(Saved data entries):
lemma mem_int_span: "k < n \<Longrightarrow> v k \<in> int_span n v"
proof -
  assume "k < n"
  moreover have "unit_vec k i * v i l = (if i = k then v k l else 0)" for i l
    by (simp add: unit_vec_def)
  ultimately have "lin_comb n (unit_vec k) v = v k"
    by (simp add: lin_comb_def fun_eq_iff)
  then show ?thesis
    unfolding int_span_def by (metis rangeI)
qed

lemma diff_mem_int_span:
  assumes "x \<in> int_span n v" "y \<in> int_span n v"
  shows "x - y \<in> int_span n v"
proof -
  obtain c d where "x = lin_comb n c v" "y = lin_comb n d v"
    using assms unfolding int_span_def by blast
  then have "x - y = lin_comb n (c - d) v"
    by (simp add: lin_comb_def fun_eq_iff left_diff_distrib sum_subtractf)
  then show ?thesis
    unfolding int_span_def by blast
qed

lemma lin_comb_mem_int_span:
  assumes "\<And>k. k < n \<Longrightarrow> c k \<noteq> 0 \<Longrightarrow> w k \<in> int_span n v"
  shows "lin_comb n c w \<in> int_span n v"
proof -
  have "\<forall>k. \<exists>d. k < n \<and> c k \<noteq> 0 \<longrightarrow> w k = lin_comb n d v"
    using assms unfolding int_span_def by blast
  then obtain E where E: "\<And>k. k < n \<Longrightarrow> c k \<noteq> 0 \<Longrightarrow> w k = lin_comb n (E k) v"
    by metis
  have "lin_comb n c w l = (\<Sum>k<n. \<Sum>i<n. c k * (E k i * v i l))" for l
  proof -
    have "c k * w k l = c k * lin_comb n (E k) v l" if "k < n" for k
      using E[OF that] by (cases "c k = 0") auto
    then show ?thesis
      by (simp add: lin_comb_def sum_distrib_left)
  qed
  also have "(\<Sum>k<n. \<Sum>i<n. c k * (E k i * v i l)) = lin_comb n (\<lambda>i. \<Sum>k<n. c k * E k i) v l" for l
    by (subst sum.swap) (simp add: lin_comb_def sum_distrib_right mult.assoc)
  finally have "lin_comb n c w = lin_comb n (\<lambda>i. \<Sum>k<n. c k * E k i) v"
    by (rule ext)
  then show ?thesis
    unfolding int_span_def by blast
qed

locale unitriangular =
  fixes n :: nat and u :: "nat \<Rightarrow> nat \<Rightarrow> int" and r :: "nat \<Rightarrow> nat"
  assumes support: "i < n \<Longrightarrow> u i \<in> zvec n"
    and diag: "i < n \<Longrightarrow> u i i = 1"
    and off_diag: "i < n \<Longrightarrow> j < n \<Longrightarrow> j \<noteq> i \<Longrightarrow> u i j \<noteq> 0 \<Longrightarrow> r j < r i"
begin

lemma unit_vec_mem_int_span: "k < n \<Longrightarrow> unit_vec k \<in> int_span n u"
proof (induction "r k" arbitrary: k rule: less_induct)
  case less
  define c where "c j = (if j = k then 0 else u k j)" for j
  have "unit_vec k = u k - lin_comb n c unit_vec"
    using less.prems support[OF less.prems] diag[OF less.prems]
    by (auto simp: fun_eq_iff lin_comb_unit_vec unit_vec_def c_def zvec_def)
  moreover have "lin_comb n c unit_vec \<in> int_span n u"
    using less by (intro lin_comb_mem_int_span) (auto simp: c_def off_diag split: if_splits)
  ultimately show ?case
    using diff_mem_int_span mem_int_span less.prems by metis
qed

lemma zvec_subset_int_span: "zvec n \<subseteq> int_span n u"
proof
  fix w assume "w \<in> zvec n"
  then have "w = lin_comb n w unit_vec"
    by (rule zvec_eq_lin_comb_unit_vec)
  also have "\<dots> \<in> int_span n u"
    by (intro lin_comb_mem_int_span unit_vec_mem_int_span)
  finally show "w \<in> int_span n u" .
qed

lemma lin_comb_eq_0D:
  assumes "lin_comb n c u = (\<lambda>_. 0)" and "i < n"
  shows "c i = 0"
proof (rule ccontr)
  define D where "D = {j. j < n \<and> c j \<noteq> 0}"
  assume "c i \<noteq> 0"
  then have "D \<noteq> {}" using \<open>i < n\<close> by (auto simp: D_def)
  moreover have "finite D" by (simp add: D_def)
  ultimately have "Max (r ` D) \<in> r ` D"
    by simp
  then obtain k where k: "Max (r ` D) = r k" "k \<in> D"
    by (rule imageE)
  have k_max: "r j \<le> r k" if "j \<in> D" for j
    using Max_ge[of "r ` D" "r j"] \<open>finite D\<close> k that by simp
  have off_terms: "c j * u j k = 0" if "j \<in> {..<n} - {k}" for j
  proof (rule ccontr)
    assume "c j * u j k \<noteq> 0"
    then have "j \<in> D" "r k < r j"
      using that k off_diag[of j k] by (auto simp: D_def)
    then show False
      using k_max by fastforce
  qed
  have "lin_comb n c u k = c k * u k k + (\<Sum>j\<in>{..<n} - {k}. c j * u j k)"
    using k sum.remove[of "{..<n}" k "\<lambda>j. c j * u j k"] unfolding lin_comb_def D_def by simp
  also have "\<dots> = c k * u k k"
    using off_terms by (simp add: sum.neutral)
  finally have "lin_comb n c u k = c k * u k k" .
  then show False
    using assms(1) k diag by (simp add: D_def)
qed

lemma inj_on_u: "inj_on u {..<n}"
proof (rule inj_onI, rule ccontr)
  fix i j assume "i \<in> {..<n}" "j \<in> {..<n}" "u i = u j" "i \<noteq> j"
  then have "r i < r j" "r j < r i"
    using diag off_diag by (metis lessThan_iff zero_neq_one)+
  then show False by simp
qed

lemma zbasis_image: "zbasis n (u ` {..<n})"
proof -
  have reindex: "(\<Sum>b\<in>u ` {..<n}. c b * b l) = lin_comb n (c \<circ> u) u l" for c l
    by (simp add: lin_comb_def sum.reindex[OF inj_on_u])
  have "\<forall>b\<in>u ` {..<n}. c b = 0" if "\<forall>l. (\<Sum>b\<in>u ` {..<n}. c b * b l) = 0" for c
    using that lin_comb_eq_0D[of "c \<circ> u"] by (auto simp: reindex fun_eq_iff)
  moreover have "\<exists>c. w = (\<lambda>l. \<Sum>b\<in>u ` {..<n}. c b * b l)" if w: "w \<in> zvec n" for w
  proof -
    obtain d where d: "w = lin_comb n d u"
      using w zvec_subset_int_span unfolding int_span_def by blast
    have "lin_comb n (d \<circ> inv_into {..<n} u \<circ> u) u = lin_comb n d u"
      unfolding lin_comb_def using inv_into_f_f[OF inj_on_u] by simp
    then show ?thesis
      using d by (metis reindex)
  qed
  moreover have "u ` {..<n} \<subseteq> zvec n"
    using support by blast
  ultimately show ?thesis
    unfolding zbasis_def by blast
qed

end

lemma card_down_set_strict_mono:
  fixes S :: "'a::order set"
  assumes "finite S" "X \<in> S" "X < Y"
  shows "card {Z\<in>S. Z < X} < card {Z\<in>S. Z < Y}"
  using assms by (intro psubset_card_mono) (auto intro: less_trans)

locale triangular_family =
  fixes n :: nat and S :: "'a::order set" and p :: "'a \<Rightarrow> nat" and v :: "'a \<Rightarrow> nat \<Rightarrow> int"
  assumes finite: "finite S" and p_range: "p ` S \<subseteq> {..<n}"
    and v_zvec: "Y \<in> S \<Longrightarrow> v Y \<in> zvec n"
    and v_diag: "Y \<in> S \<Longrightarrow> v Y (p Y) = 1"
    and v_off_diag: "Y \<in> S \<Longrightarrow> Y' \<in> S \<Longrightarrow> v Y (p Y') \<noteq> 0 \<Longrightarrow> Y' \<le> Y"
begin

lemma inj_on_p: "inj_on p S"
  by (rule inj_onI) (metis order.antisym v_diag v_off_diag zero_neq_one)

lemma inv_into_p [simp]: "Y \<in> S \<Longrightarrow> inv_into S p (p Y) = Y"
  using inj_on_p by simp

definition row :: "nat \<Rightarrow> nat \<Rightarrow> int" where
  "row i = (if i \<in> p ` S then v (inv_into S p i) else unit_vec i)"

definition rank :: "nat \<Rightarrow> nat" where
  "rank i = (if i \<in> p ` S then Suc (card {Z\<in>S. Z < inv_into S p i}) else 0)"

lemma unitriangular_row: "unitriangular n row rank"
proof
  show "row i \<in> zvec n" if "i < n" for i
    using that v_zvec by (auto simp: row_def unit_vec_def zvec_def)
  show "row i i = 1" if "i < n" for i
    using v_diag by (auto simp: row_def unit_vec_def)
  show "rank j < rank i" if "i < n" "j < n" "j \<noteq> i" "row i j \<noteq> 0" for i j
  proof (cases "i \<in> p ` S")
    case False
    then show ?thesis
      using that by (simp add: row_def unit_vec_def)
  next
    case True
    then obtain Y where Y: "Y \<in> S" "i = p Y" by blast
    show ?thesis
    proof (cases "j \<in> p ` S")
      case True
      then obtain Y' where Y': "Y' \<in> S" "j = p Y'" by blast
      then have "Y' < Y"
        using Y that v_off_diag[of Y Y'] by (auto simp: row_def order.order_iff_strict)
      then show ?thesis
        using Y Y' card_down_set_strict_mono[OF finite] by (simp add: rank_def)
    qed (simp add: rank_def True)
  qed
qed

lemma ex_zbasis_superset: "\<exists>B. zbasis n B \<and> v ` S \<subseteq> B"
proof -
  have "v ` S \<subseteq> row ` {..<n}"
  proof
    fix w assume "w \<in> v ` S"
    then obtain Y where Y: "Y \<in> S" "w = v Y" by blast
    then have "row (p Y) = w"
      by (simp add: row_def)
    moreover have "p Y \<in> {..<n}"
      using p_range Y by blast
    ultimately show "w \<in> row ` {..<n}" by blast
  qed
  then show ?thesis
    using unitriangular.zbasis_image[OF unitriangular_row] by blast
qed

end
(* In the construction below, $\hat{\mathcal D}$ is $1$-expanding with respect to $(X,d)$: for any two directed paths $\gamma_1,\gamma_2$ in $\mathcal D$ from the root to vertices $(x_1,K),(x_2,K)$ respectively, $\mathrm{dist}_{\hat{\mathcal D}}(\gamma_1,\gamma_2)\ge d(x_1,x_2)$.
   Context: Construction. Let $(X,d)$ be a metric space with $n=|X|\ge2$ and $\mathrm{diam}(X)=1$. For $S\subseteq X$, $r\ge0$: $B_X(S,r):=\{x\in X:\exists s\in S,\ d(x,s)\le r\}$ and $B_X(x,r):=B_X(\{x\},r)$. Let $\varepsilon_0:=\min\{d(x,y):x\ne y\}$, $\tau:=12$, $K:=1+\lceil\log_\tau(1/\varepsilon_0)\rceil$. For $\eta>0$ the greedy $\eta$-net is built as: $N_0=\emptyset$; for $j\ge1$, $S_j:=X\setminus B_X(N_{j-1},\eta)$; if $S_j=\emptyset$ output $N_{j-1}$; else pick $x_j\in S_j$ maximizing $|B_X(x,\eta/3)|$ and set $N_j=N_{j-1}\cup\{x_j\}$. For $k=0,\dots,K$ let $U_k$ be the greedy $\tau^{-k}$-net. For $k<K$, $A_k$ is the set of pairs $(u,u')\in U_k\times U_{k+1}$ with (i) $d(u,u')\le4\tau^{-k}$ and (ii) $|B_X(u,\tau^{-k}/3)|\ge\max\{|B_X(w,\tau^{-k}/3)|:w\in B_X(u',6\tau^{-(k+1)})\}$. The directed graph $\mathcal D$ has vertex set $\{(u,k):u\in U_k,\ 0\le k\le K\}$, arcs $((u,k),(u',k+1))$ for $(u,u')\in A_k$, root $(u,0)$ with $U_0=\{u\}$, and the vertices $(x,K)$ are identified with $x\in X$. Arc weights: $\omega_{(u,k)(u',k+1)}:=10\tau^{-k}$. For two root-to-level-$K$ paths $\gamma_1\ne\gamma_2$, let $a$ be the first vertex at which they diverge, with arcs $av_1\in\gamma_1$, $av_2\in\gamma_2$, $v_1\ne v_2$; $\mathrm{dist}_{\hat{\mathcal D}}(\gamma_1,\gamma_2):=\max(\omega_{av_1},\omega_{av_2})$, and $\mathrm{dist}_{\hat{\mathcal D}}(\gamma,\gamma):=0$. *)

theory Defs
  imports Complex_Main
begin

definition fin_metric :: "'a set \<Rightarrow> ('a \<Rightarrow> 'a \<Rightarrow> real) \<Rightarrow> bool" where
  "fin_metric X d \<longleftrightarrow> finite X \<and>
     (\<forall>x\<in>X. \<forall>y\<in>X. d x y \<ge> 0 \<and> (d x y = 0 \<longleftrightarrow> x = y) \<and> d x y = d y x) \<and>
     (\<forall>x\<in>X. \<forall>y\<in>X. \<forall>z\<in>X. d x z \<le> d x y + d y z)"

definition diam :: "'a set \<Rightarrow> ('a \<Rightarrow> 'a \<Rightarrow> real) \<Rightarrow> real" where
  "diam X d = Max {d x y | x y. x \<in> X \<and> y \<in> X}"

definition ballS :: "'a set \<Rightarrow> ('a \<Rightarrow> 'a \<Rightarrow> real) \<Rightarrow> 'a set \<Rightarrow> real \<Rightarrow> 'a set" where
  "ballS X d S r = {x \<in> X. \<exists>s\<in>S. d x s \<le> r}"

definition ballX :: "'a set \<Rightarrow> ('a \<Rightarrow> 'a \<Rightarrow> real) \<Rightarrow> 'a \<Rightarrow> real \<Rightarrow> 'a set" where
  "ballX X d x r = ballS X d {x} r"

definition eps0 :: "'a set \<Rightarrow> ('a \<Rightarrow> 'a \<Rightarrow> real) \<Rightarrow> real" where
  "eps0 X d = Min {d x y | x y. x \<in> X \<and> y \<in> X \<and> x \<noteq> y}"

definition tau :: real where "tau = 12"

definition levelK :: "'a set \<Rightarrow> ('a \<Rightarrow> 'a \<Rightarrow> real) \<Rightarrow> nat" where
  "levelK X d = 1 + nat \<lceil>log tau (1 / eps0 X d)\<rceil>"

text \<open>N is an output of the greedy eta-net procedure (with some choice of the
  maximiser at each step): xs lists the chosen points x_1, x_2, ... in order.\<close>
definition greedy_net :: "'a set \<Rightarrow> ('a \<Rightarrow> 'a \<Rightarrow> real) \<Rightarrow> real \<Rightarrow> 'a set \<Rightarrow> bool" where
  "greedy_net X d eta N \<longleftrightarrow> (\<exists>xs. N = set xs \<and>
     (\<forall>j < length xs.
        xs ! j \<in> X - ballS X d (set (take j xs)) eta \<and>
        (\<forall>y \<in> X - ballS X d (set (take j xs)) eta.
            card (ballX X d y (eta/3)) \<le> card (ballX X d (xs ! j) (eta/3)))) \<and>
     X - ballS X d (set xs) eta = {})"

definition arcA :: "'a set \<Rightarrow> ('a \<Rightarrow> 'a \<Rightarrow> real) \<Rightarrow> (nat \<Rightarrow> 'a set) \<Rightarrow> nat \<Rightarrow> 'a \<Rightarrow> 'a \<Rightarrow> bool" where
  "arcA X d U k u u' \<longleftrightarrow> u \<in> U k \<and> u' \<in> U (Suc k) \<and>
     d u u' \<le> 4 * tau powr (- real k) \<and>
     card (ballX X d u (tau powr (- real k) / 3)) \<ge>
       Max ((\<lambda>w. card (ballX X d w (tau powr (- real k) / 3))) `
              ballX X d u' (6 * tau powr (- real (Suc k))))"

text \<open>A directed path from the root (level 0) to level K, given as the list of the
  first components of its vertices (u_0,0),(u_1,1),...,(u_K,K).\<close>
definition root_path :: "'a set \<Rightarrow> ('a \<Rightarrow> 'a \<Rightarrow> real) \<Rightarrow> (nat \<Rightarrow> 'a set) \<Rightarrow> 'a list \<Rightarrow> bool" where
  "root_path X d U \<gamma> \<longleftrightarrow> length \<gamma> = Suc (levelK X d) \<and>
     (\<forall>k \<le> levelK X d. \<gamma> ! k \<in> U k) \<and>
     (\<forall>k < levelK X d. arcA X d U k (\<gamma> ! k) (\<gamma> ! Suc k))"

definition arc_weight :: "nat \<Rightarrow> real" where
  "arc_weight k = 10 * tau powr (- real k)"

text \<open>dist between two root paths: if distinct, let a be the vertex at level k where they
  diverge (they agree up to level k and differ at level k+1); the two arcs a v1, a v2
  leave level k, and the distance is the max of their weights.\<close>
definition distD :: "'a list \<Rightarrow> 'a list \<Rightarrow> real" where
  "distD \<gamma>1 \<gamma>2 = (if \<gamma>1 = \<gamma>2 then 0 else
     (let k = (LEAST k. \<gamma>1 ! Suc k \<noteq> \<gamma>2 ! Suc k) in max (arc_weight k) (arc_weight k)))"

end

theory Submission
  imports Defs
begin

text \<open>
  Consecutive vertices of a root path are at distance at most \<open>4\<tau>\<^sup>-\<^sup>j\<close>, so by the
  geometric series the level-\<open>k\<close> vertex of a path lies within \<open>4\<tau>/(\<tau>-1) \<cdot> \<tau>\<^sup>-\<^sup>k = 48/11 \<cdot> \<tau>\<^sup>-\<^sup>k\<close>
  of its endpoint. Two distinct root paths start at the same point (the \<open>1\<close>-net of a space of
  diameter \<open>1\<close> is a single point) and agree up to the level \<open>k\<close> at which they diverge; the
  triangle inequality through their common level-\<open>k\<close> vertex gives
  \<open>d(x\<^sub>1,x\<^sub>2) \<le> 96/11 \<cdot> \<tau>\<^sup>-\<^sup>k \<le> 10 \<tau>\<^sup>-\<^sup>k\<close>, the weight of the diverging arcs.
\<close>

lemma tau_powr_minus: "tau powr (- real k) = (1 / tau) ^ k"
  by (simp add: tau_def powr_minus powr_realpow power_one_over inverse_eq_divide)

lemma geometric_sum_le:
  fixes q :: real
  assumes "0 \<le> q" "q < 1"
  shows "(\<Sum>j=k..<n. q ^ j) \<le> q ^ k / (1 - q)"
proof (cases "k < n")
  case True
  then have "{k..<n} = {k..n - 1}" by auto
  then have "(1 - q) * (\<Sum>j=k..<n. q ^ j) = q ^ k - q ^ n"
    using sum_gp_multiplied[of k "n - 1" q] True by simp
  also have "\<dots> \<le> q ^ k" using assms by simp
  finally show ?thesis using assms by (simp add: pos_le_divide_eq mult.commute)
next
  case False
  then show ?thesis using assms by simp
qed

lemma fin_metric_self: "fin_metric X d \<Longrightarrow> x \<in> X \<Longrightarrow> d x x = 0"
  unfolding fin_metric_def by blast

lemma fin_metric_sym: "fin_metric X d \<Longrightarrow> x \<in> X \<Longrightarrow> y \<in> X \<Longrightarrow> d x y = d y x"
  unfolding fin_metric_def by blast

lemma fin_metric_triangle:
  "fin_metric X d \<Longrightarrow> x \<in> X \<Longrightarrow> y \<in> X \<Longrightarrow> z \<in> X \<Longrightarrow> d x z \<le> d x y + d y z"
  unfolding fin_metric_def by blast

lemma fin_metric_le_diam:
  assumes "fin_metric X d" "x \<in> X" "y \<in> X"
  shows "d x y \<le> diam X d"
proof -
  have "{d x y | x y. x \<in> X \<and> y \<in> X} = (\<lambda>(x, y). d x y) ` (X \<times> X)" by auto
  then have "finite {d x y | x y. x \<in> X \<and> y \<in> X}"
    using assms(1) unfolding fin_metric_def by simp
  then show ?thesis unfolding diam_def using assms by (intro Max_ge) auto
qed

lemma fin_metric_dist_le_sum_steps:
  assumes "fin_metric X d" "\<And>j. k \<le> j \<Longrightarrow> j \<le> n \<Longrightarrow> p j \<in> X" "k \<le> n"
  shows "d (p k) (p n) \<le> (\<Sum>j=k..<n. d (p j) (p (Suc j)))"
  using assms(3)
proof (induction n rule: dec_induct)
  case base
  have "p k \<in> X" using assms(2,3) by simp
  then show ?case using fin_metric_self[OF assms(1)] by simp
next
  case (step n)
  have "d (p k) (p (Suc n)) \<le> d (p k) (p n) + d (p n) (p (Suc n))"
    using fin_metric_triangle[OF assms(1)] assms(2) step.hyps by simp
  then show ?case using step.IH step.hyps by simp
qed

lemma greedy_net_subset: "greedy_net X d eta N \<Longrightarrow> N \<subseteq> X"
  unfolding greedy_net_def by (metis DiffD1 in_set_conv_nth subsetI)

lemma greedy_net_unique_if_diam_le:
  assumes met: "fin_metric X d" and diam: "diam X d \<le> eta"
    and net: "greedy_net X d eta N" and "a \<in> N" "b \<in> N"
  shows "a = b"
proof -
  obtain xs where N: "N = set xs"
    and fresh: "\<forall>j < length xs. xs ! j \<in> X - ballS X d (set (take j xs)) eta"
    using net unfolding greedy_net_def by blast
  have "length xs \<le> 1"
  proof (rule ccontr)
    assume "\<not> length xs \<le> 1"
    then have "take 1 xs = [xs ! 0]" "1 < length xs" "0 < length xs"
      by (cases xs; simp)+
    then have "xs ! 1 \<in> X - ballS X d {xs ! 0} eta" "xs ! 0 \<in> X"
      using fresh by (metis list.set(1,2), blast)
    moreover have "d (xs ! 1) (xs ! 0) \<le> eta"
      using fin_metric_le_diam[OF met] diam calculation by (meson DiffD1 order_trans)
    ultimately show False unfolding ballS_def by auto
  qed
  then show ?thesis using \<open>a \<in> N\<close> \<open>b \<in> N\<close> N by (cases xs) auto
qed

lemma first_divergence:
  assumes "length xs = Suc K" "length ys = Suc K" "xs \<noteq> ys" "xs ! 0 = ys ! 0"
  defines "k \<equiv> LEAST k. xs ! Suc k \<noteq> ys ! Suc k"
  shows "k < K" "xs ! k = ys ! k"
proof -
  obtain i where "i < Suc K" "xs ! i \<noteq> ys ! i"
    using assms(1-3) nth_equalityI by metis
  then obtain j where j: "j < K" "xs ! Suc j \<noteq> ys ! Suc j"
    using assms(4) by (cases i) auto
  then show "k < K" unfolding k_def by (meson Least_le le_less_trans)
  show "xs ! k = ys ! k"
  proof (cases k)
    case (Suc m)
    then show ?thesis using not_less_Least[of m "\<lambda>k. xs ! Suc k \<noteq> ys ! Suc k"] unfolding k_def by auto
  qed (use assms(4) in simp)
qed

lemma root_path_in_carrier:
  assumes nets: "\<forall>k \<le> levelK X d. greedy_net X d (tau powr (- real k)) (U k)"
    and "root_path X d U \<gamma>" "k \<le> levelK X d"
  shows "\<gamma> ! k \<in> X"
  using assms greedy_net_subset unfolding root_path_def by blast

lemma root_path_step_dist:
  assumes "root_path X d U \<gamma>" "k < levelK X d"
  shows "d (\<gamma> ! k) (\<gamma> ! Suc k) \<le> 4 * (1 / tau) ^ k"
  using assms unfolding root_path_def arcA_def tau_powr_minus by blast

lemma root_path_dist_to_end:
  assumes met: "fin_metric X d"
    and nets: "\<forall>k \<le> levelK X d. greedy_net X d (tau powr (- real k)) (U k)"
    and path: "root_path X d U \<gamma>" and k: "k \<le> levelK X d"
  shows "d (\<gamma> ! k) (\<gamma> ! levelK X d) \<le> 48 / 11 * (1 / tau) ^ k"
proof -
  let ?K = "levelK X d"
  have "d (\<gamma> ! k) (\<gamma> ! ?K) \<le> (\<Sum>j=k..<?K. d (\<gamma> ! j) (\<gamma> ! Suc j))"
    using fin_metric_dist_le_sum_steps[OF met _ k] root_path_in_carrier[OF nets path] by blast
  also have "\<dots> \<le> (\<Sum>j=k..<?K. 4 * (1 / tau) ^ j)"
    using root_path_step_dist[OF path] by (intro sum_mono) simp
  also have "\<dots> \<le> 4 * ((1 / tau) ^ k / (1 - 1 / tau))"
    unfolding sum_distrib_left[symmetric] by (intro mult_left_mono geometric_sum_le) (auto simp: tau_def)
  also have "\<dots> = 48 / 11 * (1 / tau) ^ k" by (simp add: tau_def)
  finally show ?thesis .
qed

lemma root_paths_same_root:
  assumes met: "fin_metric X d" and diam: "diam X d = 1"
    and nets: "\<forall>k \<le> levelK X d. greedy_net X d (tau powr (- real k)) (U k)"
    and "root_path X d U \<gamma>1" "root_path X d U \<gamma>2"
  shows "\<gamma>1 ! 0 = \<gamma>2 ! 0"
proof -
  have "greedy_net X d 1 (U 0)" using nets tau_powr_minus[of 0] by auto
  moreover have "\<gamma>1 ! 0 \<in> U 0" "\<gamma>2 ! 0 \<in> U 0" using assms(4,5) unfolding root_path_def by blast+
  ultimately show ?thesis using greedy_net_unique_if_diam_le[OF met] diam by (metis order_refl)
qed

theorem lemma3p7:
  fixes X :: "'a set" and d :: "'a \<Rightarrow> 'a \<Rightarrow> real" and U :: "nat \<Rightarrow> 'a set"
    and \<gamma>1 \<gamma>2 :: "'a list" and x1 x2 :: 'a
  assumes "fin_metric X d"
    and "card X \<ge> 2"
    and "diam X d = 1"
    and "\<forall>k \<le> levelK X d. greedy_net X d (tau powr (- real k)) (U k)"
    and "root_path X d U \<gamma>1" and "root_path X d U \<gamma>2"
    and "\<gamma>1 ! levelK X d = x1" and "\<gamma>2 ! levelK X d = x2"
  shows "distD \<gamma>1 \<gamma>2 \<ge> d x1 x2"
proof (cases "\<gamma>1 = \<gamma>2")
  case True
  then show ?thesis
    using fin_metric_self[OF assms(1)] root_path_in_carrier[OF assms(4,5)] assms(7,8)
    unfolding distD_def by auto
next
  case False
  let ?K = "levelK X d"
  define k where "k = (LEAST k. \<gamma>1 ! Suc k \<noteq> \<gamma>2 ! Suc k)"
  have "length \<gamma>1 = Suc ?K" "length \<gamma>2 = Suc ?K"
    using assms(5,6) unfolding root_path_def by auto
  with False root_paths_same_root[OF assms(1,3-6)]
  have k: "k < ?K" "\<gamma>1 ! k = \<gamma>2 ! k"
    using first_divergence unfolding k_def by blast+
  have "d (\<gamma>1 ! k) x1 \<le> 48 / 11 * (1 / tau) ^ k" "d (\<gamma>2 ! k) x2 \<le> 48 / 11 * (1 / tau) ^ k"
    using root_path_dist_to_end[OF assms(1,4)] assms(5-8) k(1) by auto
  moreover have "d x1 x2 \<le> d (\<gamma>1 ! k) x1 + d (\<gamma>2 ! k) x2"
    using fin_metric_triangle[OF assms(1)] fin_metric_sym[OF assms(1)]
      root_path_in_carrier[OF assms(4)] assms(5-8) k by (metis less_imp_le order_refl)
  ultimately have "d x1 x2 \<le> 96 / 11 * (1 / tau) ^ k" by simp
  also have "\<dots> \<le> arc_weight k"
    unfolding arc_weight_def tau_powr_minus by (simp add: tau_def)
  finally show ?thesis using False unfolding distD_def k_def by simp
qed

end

(Task prompt): Search the entries for the string "ccontr". Copy every line that has it.

(Exercise answer):
proof (rule ccontr)
  proof (rule ccontr)
proof (rule inj_onI, rule ccontr)
  proof (rule ccontr)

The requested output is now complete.